Action item - Pick the lines holding the string "norm" out of the records and copy them.
(Given records)
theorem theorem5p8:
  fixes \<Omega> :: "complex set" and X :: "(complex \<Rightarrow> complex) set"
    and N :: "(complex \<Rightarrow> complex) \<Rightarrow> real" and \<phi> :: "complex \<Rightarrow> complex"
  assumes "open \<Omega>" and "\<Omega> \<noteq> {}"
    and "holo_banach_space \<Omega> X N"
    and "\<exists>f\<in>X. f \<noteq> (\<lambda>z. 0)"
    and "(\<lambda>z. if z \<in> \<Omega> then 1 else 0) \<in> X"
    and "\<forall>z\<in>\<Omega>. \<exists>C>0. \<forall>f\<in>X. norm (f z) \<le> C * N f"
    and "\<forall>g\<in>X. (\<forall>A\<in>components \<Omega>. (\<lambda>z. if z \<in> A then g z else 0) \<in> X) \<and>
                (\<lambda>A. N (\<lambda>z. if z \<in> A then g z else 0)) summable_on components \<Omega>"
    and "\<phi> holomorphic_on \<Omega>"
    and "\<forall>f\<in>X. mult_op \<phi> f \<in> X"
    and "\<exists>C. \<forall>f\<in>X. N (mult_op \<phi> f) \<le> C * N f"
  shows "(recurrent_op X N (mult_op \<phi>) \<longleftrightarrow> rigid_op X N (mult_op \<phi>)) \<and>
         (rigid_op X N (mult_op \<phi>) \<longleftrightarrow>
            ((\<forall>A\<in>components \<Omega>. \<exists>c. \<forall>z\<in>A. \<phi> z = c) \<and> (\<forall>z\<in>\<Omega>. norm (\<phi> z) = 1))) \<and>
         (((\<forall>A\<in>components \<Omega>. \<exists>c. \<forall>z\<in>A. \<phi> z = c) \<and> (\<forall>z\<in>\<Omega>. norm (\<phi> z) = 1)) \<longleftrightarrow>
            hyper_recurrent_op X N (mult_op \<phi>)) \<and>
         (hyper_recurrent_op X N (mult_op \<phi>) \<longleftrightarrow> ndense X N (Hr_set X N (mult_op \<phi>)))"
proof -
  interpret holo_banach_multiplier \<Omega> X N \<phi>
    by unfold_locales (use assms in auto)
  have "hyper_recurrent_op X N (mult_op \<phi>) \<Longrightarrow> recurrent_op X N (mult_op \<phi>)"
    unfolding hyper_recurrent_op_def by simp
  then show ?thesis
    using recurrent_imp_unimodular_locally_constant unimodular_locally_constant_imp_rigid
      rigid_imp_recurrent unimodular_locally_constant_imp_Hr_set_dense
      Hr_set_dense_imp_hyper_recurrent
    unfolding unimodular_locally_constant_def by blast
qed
(End Given records)
The completed task -
    and "\<forall>z\<in>\<Omega>. \<exists>C>0. \<forall>f\<in>X. norm (f z) \<le> C * N f"
            ((\<forall>A\<in>components \<Omega>. \<exists>c. \<forall>z\<in>A. \<phi> z = c) \<and> (\<forall>z\<in>\<Omega>. norm (\<phi> z) = 1))) \<and>
         (((\<forall>A\<in>components \<Omega>. \<exists>c. \<forall>z\<in>A. \<phi> z = c) \<and> (\<forall>z\<in>\<Omega>. norm (\<phi> z) = 1)) \<longleftrightarrow>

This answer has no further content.